This is a beginner's guide to using a dress form. Why use one, and how? I've found that those new to sewing often view dress forms as something that only professional seamstresses use, however using one is quite easy and intuitive. While mastery of pattern making is an art that comes with years of practice and mistakes, a dress form is still a huge help to beginners for many types of projects.
Read on for a quick and dirty guide on how to drape patterns on a form!
Before we get started with how to make a pattern from a form, let's first ask the question, why? There are two main ways to make a pattern - flat pattern making, and draping.
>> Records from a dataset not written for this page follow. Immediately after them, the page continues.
(* For all $a,b\in\mathbb{C}$ and integers $n\ge0$, $$\sum_{k=0}^n\binom{n}{k}a^kb^{n-k}H_k(2)=H_n(2)(a+b)^n+2\sum_{k=1}^n(a+b)^{n-k}b^k\,\frac{H_{k-1}-H_{n-k}}{k}.$$
   Context: $H_n=\sum_{k=1}^n\frac1k$ (with $H_0=0$) and $H_n^{(2)}=\sum_{k=1}^n\frac1{k^2}$. The multiple harmonic-like number $H_n(2)=\sum_{1\le k_1+k_2\le n}\frac{1}{k_1k_2}$ (over positive integers), which equals $H_n^2-H_n^{(2)}$. Convention $0^0=1$. *)

theory Defs
  imports "HOL-Analysis.Analysis"
begin

definition mharm2 :: "nat \<Rightarrow> complex" where
  "mharm2 n = (\<Sum>(k1, k2) \<in> {(k1, k2). 1 \<le> k1 \<and> 1 \<le> k2 \<and> k1 + k2 \<le> n}.
                 1 / (of_nat k1 * of_nat k2))"

end

theory Submission
  imports Defs
begin

text \<open>
  Write S_n f = sum_k (n choose k) a^k b^(n-k) f(k). Pascal's rule gives
  S_(n+1) f = (a + b) S_n f + a S_n (Delta f), and absorbing 1/(k+1) into the binomial
  coefficient turns a S_n (k \<mapsto> g(k+1)/(k+1)) into (S_(n+1) g - b^(n+1) g(0))/(n+1).
  Since Delta H_k(2) = 2 H_k/(k+1), the transform of H_k(2) is thereby reduced to that of
  H_(k-1), which is computed the same way. The closed form then follows by induction on n,
  the only further ingredient being the partial fractions
  1/(k(n+1-k)) = (1/k + 1/(n+1-k))/(n+1).
\<close>

definition binomial_transform :: "'a::comm_ring_1 \<Rightarrow> 'a \<Rightarrow> nat \<Rightarrow> (nat \<Rightarrow> 'a) \<Rightarrow> 'a" where
  "binomial_transform a b n f = (\<Sum>k=0..n. of_nat (n choose k) * a ^ k * b ^ (n - k) * f k)"

lemma binomial_transform_0 [simp]: "binomial_transform a b 0 f = f 0"
  by (simp add: binomial_transform_def)

lemma binomial_transform_diff:
  "binomial_transform a b n (\<lambda>k. f k - g k) = binomial_transform a b n f - binomial_transform a b n g"
  unfolding binomial_transform_def by (simp add: sum_subtractf[symmetric] algebra_simps)

lemma binomial_transform_mult:
  "binomial_transform a b n (\<lambda>k. x * f k) = x * binomial_transform a b n f"
  unfolding binomial_transform_def by (simp add: sum_distrib_left algebra_simps)

lemma binomial_transform_const: "binomial_transform a b n (\<lambda>k. 1) = (a + b) ^ n"
  unfolding binomial_transform_def binomial_ring by (simp add: atLeast0AtMost)

lemma binomial_transform_Suc:
  "binomial_transform a b (Suc n) f
     = b * binomial_transform a b n f + a * binomial_transform a b n (\<lambda>k. f (Suc k))"
proof -
  let ?T = "\<lambda>m. \<Sum>j=0..n. of_nat (m choose Suc j) * a ^ Suc j * b ^ (n - j) * f (Suc j)"
  have "binomial_transform a b (Suc n) f = b ^ Suc n * f 0 + ?T (Suc n)"
    unfolding binomial_transform_def
    by (simp add: sum.atLeast0_atMost_Suc_shift del: sum.cl_ivl_Suc)
  moreover have "?T (Suc n) = a * binomial_transform a b n (\<lambda>k. f (Suc k)) + ?T n"
    unfolding binomial_transform_def
    by (simp add: sum.distrib[symmetric] sum_distrib_left algebra_simps binomial_eq_0)
  moreover have "b * binomial_transform a b n f
      = (\<Sum>k=0..Suc n. of_nat (n choose k) * a ^ k * b ^ (Suc n - k) * f k)"
    unfolding binomial_transform_def by (simp add: sum_distrib_left algebra_simps Suc_diff_le binomial_eq_0)
  moreover have "\<dots> = b ^ Suc n * f 0 + ?T n"
    by (simp add: sum.atLeast0_atMost_Suc_shift del: sum.cl_ivl_Suc)
  ultimately show ?thesis by simp
qed

lemma binomial_transform_Suc_diff:
  "binomial_transform a b (Suc n) f
     = (a + b) * binomial_transform a b n f + a * binomial_transform a b n (\<lambda>k. f (Suc k) - f k)"
  by (simp add: binomial_transform_Suc binomial_transform_diff algebra_simps)

lemma binomial_transform_shift_div:
  fixes a b :: "'a::field_char_0"
  shows "a * binomial_transform a b n (\<lambda>k. f (Suc k) / of_nat (Suc k))
           = (binomial_transform a b (Suc n) f - b ^ Suc n * f 0) / of_nat (Suc n)"
proof -
  have choose_Suc: "of_nat (Suc n choose Suc j) = (of_nat (Suc n) * of_nat (n choose j) / of_nat (Suc j) :: 'a)"
    for j
  proof -
    have "(of_nat (Suc n choose Suc j) :: 'a) * of_nat (Suc j) = of_nat (Suc n) * of_nat (n choose j)"
      using Suc_times_binomial_eq[of n j] by (metis of_nat_mult)
    then show ?thesis by (simp add: field_simps del: of_nat_Suc)
  qed
  have "binomial_transform a b (Suc n) f - b ^ Suc n * f 0
      = (\<Sum>j=0..n. of_nat (Suc n choose Suc j) * a ^ Suc j * b ^ (n - j) * f (Suc j))"
    unfolding binomial_transform_def
    by (simp add: sum.atLeast0_atMost_Suc_shift del: sum.cl_ivl_Suc)
  also have "\<dots> = of_nat (Suc n) * (a * binomial_transform a b n (\<lambda>k. f (Suc k) / of_nat (Suc k)))"
    unfolding binomial_transform_def choose_Suc
    by (simp add: sum_distrib_left algebra_simps del: of_nat_Suc)
  finally show ?thesis by (simp add: field_simps del: of_nat_Suc)
qed

lemma binomial_transform_inverse_Suc:
  fixes a b :: "'a::field_char_0"
  shows "a * binomial_transform a b n (\<lambda>k. inverse (of_nat (Suc k)))
           = ((a + b) ^ Suc n - b ^ Suc n) / of_nat (Suc n)"
  using binomial_transform_shift_div[of a b n "\<lambda>k. 1"] binomial_transform_const[of a b "Suc n"]
  by (simp add: divide_inverse)

lemma binomial_transform_inverse:
  fixes a b :: "'a::field_char_0"
  shows "binomial_transform a b n (\<lambda>j. inverse (of_nat j))
           = (\<Sum>k=1..n. ((a + b) ^ k - b ^ k) * b ^ (n - k) / of_nat k)"
proof (induction n)
  case (Suc n)
  have "binomial_transform a b (Suc n) (\<lambda>j. inverse (of_nat j))
      = b * binomial_transform a b n (\<lambda>j. inverse (of_nat j)) + ((a + b) ^ Suc n - b ^ Suc n) / of_nat (Suc n)"
    by (simp add: binomial_transform_Suc binomial_transform_inverse_Suc del: of_nat_Suc)
  then show ?case
    unfolding Suc.IH sum_distrib_left by (simp add: Suc_diff_le algebra_simps del: of_nat_Suc)
qed simp

lemma binomial_transform_harm:
  fixes a b :: "'a::real_normed_field"
  shows "binomial_transform a b n harm
           = (a + b) ^ n * harm n - (\<Sum>k=1..n. (a + b) ^ (n - k) * b ^ k / of_nat k)"
proof (induction n)
  case (Suc n)
  have "binomial_transform a b (Suc n) harm
      = (a + b) * binomial_transform a b n harm + ((a + b) ^ Suc n - b ^ Suc n) / of_nat (Suc n)"
    by (simp add: binomial_transform_Suc_diff harm_Suc binomial_transform_inverse_Suc del: of_nat_Suc)
  also have "(a + b) * (\<Sum>k=1..n. (a + b) ^ (n - k) * b ^ k / of_nat k)
      = (\<Sum>k=1..n. (a + b) ^ (Suc n - k) * b ^ k / of_nat k)"
    unfolding sum_distrib_left by (rule sum.cong) (auto simp: Suc_diff_le)
  ultimately show ?case
    unfolding Suc.IH by (simp add: harm_Suc algebra_simps diff_divide_distrib divide_inverse del: of_nat_Suc)
qed (simp add: harm_def)

lemma binomial_transform_harm_pred:
  fixes a b :: "'a::real_normed_field"
  shows "binomial_transform a b n (\<lambda>j. harm (j - 1))
           = ((a + b) ^ n + b ^ n) * harm n
             - (\<Sum>k=1..n. ((a + b) ^ (n - k) * b ^ k + (a + b) ^ k * b ^ (n - k)) / of_nat k)"
proof -
  define A where "A = (\<Sum>k=1..n. (a + b) ^ (n - k) * b ^ k / of_nat k)"
  define B where "B = (\<Sum>k=1..n. (a + b) ^ k * b ^ (n - k) / of_nat k)"
  \<comment> \<open>also for \<open>j = 0\<close>, where \<open>j - 1 = 0\<close> and \<open>inverse 0 = 0\<close>\<close>
  have "harm (j - 1) = harm j - (inverse (of_nat j) :: 'a)" for j
    by (cases j) (simp_all add: harm_Suc harm_def)
  then have "binomial_transform a b n (\<lambda>j. harm (j - 1))
      = binomial_transform a b n harm - binomial_transform a b n (\<lambda>j. inverse (of_nat j))"
    by (simp add: binomial_transform_diff)
  moreover have "binomial_transform a b n harm = (a + b) ^ n * harm n - A"
    unfolding binomial_transform_harm A_def ..
  moreover have "binomial_transform a b n (\<lambda>j. inverse (of_nat j)) = B - b ^ n * harm n"
    unfolding binomial_transform_inverse B_def harm_def sum_distrib_left sum_subtractf[symmetric]
    by (rule sum.cong) (simp_all add: power_add[symmetric] divide_inverse algebra_simps)
  moreover have "A + B = (\<Sum>k=1..n. ((a + b) ^ (n - k) * b ^ k + (a + b) ^ k * b ^ (n - k)) / of_nat k)"
    unfolding A_def B_def by (simp add: sum.distrib add_divide_distrib)
  ultimately show ?thesis by (simp add: algebra_simps)
qed

lemma sum_div_mult_complement:
  fixes h :: "nat \<Rightarrow> 'a::field_char_0"
  shows "(\<Sum>k=1..n. h k / (of_nat k * of_nat (Suc n - k)))
           = (\<Sum>k=1..n. (h k + h (Suc n - k)) / of_nat k) / of_nat (Suc n)"
proof -
  have partial_fractions: "h k / (of_nat k * of_nat (Suc n - k))
      = (h k / of_nat k + h k / of_nat (Suc n - k)) / of_nat (Suc n)" if "k \<in> {1..n}" for k
  proof -
    have complement: "(of_nat (Suc n - k) :: 'a) = of_nat (Suc n) - of_nat k"
      using that by (simp add: of_nat_diff)
    have "(of_nat k :: 'a) \<noteq> 0" "(of_nat (Suc n) :: 'a) - of_nat k \<noteq> 0"
      using that by (auto simp del: of_nat_Suc)
    then show ?thesis unfolding complement by (simp add: field_simps del: of_nat_Suc)
  qed
  have reflect: "(\<Sum>k=1..n. h k / of_nat (Suc n - k)) = (\<Sum>k=1..n. h (Suc n - k) / of_nat k)"
    by (subst sum.atLeastAtMost_rev) (rule sum.cong, auto)
  have "(\<Sum>k=1..n. h k / (of_nat k * of_nat (Suc n - k)))
      = (\<Sum>k=1..n. (h k / of_nat k + h k / of_nat (Suc n - k)) / of_nat (Suc n))"
    using partial_fractions by (rule sum.cong[OF refl])
  also have "\<dots> = (\<Sum>k=1..n. h k / of_nat k + h (Suc n - k) / of_nat k) / of_nat (Suc n)"
    by (simp only: sum_divide_distrib[symmetric] sum.distrib reflect)
  finally show ?thesis by (simp add: add_divide_distrib)
qed

lemma mharm2_eq_double_sum: "mharm2 n = (\<Sum>i=1..n. \<Sum>j=1..n-i. 1 / (of_nat i * of_nat j))"
proof -
  have "{(i, j). 1 \<le> i \<and> 1 \<le> j \<and> i + j \<le> n} = Sigma {1..n} (\<lambda>i. {1..n-i})"
    by auto
  then show ?thesis unfolding mharm2_def by (simp add: sum.Sigma)
qed

lemma mharm2_Suc: "mharm2 (Suc n) = mharm2 n + 2 * harm n / of_nat (Suc n)"
proof -
  have "mharm2 (Suc n) = (\<Sum>i=1..n. \<Sum>j=1..Suc n-i. 1 / (of_nat i * of_nat j))"
    unfolding mharm2_eq_double_sum by simp
  also have "\<dots> = mharm2 n + (\<Sum>i=1..n. 1 / (of_nat i * of_nat (Suc n - i)))"
    unfolding mharm2_eq_double_sum sum.distrib[symmetric]
    by (rule sum.cong) (auto simp: Suc_diff_le simp del: of_nat_Suc)
  also have "(\<Sum>i=1..n. 1 / (of_nat i * of_nat (Suc n - i))) = 2 * harm n / (of_nat (Suc n) :: complex)"
    unfolding sum_div_mult_complement harm_def
    by (simp add: sum_distrib_left divide_inverse del: of_nat_Suc)
  finally show ?thesis .
qed

definition harm_gap_sum :: "'a::real_normed_field \<Rightarrow> 'a \<Rightarrow> nat \<Rightarrow> 'a" where
  "harm_gap_sum c b n = (\<Sum>k=1..n. c ^ (n - k) * b ^ k * ((harm (k - 1) - harm (n - k)) / of_nat k))"

lemma harm_gap_sum_Suc:
  "harm_gap_sum c b (Suc n)
     = c * harm_gap_sum c b n + b ^ Suc n * harm n / of_nat (Suc n)
       - (\<Sum>k=1..n. c ^ (Suc n - k) * b ^ k / (of_nat k * of_nat (Suc n - k)))"
proof -
  have step: "c ^ (Suc n - k) * b ^ k * ((harm (k - 1) - harm (Suc n - k)) / of_nat k)
      = c * (c ^ (n - k) * b ^ k * ((harm (k - 1) - harm (n - k)) / of_nat k))
        - c ^ (Suc n - k) * b ^ k / (of_nat k * of_nat (Suc n - k))" if "k \<in> {1..n}" for k
  proof -
    have "Suc n - k = Suc (n - k)" using that by auto
    moreover have "(of_nat k :: 'a) \<noteq> 0" "(of_nat (Suc (n - k)) :: 'a) \<noteq> 0"
      using that by (auto simp del: of_nat_Suc)
    ultimately show ?thesis by (simp add: harm_Suc field_simps del: of_nat_Suc)
  qed
  have "harm_gap_sum c b (Suc n)
      = (\<Sum>k=1..n. c ^ (Suc n - k) * b ^ k * ((harm (k - 1) - harm (Suc n - k)) / of_nat k))
        + b ^ Suc n * harm n / of_nat (Suc n)"
    unfolding harm_gap_sum_def by (simp add: harm_def del: of_nat_Suc)
  also have "(\<Sum>k=1..n. c ^ (Suc n - k) * b ^ k * ((harm (k - 1) - harm (Suc n - k)) / of_nat k))
      = c * harm_gap_sum c b n - (\<Sum>k=1..n. c ^ (Suc n - k) * b ^ k / (of_nat k * of_nat (Suc n - k)))"
    unfolding harm_gap_sum_def sum_distrib_left sum_subtractf[symmetric]
    using step by (rule sum.cong[OF refl])
  finally show ?thesis by simp
qed

lemma binomial_transform_mharm2:
  "binomial_transform a b n mharm2 = mharm2 n * (a + b) ^ n + 2 * harm_gap_sum (a + b) b n"
proof (induction n)
  case (Suc n)
  define c where "c = a + b"
  define N where "N = Suc n"
  define h where "h k = c ^ (N - k) * b ^ k" for k
  define \<Sigma> where "\<Sigma> = (\<Sum>k=1..n. (h k + h (N - k)) / of_nat k)"
  have "binomial_transform a b N mharm2
      = c * binomial_transform a b n mharm2 + a * binomial_transform a b n (\<lambda>k. mharm2 (Suc k) - mharm2 k)"
    unfolding N_def c_def by (rule binomial_transform_Suc_diff)
  also have "a * binomial_transform a b n (\<lambda>k. mharm2 (Suc k) - mharm2 k)
      = 2 * (a * binomial_transform a b n (\<lambda>k. harm (Suc k - 1) / of_nat (Suc k)))"
    unfolding mharm2_Suc binomial_transform_mult[symmetric] by (simp add: mult_ac)
  also have "a * binomial_transform a b n (\<lambda>k. harm (Suc k - 1) / of_nat (Suc k))
      = binomial_transform a b N (\<lambda>j. harm (j - 1)) / of_nat N"
    using binomial_transform_shift_div[of a b n "\<lambda>j. harm (j - 1)"]
    unfolding N_def by (simp add: harm_expand(1))
  finally have transform_Suc: "binomial_transform a b N mharm2
      = c * binomial_transform a b n mharm2 + 2 * (binomial_transform a b N (\<lambda>j. harm (j - 1)) / of_nat N)" .
  have transform_harm_pred: "binomial_transform a b N (\<lambda>j. harm (j - 1)) = (c ^ N + b ^ N) * harm n - \<Sigma>"
    unfolding binomial_transform_harm_pred \<Sigma>_def h_def c_def N_def
    by (simp add: harm_Suc field_simps del: of_nat_Suc)
  have gap_Suc: "harm_gap_sum c b N = c * harm_gap_sum c b n + b ^ N * harm n / of_nat N - \<Sigma> / of_nat N"
    unfolding N_def harm_gap_sum_Suc \<Sigma>_def h_def sum_div_mult_complement by simp
  have "binomial_transform a b N mharm2
      = c * (mharm2 n * c ^ n + 2 * harm_gap_sum c b n) + 2 * (((c ^ N + b ^ N) * harm n - \<Sigma>) / of_nat N)"
    unfolding transform_Suc transform_harm_pred Suc.IH c_def ..
  also have "\<dots> = mharm2 N * c ^ N + 2 * harm_gap_sum c b N"
    unfolding gap_Suc unfolding N_def mharm2_Suc by (simp add: divide_inverse algebra_simps)
  finally show ?case unfolding N_def c_def .
qed (simp add: harm_gap_sum_def)

theorem corollary4:
  fixes a b :: complex and n :: nat
  shows "(\<Sum>k=0..n. of_nat (n choose k) * a ^ k * b ^ (n - k) * mharm2 k)
         = mharm2 n * (a + b) ^ n
           + 2 * (\<Sum>k=1..n. (a + b) ^ (n - k) * b ^ k * ((harm (k - 1) - harm (n - k)) / of_nat k))"
  using binomial_transform_mharm2[of a b n] unfolding binomial_transform_def harm_gap_sum_def .

end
Flat pattern making involves taking a basic flat pattern (sloper), and altering it to the desired style in flat paper form through cutting, measuring, and taping. An easy example to visualize is if you had a straight skirt, and wanted it to be A-Line. You would slash the skirt at regular intervals, and pivot the pieces apart from the waist until the desired level of flare is achieved. Then you would copy that over to a new paper pattern, and voila, new pattern.
Draping is patternmaking done on the form. Draping is useful for all kinds of patternmaking, but particularly for anything with draped elements (hence the name), like the two examples above. Cowls, ruching, asymmetry, and any elements that are hard to visualize in a flat fashion are where dress forms are truly indispensable. What I love about draping is that it is easier for me to visualize than flat pattern making, as creating a shape in 3D feels like a more organic process than drafting in 2D.
In this tutorial I am draping a simple form fitting pattern. While buying a flat pattern would probably be the quicker way to go in this case since it is an common shape, I wanted to keep it simple in order to demonstrate the basic process of draping, fitting, and drafting the pattern. All patterns, from a basic pattern like this to a complicated draped design, will follow very similar principles.